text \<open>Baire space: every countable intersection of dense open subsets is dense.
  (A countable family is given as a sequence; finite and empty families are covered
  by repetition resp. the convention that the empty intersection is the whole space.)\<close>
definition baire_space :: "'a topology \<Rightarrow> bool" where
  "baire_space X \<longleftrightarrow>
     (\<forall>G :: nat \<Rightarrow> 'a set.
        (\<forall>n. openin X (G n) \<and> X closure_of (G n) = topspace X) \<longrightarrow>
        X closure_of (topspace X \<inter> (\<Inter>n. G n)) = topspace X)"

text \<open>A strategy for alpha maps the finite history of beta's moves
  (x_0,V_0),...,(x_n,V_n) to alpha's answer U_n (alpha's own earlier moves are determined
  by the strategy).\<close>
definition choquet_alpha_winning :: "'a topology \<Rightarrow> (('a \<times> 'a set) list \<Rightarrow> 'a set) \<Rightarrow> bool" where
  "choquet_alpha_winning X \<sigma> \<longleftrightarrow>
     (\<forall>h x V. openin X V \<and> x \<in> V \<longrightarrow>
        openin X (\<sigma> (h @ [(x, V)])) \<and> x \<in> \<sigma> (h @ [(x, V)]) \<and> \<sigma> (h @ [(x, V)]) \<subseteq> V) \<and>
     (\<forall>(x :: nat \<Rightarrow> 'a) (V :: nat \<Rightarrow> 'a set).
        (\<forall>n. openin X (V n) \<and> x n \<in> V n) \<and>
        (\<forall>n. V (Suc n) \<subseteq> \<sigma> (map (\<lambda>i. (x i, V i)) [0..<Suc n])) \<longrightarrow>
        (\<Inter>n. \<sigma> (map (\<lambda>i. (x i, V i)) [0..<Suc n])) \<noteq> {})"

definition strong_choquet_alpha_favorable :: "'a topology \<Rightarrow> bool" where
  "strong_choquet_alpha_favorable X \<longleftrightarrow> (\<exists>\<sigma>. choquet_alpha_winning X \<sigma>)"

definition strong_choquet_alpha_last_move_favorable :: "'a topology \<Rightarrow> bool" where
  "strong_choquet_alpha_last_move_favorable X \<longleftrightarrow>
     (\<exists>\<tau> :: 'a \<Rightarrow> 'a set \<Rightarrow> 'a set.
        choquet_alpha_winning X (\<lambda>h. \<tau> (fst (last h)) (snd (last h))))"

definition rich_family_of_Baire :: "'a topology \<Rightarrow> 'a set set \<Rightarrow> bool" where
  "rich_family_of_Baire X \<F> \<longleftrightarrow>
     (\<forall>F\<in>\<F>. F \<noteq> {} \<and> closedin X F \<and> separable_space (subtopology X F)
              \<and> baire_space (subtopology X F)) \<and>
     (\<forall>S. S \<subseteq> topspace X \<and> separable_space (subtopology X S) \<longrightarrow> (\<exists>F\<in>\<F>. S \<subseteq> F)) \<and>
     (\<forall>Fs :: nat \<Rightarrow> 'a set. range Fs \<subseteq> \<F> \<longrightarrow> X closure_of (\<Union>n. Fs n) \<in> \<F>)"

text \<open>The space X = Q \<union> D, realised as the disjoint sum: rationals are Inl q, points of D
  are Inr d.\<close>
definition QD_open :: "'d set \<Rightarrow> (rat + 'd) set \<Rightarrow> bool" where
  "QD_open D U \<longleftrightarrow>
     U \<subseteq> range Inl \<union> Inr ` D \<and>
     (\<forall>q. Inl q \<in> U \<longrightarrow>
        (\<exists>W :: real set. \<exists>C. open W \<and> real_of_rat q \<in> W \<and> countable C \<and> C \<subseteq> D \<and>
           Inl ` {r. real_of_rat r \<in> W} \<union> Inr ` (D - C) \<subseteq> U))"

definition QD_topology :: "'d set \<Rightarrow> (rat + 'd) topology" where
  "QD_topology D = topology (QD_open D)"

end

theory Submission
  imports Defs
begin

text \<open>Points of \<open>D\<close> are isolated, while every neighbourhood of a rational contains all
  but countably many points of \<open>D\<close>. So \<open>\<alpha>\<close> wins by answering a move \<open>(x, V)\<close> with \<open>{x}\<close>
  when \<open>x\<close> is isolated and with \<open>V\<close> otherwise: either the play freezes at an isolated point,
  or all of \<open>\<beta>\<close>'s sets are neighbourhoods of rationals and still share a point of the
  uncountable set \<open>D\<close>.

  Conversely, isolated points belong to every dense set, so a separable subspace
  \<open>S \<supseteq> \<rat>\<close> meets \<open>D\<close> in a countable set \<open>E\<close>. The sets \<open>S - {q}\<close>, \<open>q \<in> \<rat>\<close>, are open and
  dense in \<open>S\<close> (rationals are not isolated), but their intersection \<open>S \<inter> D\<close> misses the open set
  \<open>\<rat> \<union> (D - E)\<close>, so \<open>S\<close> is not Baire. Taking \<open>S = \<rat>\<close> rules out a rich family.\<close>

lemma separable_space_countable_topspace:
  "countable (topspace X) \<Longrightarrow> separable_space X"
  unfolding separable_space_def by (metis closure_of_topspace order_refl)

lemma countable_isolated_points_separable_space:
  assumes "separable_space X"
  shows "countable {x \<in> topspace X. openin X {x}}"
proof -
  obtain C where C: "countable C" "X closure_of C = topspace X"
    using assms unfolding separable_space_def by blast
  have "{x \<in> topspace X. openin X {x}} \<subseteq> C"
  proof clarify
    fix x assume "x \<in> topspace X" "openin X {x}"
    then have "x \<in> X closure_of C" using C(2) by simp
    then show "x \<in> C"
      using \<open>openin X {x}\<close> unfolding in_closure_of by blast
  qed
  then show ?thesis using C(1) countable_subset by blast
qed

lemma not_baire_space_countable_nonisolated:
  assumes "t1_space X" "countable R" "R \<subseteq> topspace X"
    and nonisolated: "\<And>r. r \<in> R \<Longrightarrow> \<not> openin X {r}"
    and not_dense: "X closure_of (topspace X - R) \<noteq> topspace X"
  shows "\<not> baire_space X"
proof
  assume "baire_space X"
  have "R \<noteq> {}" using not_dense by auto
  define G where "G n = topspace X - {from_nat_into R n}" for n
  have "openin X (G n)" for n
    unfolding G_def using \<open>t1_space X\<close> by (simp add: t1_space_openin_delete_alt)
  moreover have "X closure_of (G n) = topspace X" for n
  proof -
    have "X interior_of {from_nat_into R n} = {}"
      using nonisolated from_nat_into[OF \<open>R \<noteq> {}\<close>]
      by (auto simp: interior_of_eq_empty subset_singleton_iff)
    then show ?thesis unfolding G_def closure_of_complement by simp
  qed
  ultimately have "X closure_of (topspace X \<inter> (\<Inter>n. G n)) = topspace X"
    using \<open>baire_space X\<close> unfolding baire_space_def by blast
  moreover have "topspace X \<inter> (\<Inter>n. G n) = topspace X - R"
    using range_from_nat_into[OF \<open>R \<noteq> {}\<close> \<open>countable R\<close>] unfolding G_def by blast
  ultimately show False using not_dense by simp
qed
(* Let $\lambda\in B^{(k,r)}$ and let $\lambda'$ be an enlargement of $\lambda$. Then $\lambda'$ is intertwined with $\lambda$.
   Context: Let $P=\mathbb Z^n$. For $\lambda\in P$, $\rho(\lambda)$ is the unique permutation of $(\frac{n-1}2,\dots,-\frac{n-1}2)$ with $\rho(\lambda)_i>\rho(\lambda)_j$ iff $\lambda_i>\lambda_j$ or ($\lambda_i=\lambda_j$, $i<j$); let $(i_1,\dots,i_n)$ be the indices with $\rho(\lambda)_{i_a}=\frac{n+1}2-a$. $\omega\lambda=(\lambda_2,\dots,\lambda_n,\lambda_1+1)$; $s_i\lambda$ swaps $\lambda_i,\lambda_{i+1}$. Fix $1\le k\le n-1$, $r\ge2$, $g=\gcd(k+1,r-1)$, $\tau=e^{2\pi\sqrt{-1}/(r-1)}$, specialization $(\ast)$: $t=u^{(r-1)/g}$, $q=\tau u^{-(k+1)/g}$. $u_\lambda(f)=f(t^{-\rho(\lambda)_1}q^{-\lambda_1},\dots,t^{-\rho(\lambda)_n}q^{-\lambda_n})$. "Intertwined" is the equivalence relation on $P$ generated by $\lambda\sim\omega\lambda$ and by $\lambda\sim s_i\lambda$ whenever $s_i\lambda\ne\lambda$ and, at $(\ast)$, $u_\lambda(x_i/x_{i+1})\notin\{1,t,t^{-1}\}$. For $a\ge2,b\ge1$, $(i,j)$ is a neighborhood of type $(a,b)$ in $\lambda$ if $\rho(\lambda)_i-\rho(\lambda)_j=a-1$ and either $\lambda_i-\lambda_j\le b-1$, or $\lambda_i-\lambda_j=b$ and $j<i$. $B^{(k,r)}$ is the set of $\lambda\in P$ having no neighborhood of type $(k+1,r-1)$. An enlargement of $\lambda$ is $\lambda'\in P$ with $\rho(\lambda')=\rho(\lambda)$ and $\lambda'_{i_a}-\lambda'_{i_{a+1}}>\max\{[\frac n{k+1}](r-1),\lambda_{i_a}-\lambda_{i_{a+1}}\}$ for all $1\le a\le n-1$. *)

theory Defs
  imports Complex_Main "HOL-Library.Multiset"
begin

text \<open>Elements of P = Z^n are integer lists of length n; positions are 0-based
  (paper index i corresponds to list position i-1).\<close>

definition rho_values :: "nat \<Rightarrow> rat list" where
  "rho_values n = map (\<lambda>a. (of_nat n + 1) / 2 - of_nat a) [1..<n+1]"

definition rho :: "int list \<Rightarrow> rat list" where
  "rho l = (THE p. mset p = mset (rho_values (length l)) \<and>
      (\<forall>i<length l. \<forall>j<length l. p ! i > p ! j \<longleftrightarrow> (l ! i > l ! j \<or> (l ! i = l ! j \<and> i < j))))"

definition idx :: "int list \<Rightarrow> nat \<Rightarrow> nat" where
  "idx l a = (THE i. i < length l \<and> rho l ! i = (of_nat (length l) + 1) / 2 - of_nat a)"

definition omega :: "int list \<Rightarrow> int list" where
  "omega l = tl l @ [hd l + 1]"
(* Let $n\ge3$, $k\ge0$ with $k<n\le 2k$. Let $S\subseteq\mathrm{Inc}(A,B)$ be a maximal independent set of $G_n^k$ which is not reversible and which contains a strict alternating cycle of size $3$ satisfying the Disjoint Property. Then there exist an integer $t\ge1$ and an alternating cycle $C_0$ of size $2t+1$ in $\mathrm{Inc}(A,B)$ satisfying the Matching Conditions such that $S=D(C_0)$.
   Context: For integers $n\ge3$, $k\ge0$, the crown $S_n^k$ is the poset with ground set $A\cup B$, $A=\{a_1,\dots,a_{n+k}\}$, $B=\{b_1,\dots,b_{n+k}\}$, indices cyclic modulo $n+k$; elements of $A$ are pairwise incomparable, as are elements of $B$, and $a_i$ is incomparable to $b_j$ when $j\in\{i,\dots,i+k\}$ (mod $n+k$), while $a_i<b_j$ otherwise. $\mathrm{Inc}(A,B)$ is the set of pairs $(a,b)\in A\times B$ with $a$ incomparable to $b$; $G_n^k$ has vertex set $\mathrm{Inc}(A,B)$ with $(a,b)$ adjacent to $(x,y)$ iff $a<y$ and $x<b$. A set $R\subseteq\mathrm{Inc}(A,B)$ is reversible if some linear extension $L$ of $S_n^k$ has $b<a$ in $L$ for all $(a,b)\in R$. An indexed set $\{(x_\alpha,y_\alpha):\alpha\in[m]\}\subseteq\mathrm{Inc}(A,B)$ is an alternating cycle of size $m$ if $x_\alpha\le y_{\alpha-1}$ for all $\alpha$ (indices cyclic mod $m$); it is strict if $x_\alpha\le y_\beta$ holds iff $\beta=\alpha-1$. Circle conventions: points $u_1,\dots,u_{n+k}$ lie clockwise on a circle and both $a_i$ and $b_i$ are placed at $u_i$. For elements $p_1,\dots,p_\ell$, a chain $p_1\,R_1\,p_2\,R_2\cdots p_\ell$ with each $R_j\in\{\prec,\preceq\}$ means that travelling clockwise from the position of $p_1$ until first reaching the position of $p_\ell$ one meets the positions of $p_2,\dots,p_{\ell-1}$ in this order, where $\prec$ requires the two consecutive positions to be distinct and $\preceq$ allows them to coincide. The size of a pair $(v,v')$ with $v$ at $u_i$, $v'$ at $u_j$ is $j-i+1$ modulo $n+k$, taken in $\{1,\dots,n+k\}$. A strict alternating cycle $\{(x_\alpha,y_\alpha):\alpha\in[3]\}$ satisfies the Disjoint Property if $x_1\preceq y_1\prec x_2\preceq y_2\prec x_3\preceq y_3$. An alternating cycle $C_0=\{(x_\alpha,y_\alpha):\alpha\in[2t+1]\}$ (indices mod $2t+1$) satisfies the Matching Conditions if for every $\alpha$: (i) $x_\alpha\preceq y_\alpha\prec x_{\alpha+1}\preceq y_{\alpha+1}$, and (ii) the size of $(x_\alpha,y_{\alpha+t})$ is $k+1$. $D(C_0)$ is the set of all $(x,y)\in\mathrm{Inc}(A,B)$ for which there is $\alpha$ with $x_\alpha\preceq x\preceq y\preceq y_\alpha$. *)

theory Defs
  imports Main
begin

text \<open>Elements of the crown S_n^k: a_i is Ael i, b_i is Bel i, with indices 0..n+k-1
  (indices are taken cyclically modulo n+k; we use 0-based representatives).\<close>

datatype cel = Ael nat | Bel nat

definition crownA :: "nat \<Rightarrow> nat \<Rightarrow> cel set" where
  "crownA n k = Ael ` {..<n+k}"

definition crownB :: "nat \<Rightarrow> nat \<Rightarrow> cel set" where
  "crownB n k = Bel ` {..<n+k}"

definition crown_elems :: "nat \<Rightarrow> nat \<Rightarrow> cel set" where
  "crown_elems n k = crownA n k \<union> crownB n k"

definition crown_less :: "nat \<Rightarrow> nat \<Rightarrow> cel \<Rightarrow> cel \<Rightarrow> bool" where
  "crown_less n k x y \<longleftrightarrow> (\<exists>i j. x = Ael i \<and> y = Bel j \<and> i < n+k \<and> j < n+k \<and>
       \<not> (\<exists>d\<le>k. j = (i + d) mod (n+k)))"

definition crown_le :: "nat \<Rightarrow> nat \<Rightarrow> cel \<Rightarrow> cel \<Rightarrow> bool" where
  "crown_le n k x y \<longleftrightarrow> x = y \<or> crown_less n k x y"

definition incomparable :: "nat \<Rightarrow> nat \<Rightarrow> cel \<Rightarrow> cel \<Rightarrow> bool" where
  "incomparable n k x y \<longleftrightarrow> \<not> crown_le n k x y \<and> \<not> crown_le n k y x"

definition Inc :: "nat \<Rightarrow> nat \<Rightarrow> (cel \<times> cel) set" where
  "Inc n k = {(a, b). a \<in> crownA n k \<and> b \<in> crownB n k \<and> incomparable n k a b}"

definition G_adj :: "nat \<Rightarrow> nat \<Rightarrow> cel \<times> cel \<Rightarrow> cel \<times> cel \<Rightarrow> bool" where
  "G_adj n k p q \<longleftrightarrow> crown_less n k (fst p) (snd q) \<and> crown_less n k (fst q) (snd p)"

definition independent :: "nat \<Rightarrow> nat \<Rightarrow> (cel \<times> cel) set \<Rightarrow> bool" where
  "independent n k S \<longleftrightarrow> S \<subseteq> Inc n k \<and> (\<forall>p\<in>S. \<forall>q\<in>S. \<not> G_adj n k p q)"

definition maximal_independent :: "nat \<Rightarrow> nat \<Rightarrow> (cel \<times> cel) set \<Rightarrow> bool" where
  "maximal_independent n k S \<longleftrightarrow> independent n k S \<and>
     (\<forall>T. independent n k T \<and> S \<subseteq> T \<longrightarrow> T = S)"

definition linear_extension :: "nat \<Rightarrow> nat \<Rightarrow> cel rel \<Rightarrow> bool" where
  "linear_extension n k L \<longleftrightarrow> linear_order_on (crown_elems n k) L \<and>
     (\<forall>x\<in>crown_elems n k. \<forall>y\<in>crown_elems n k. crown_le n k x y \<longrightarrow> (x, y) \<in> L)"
══════════
Goal of the exercise - Work out how many lines in the records hold the word "subtopology", and answer with that number alone.

Answer to this problem - 3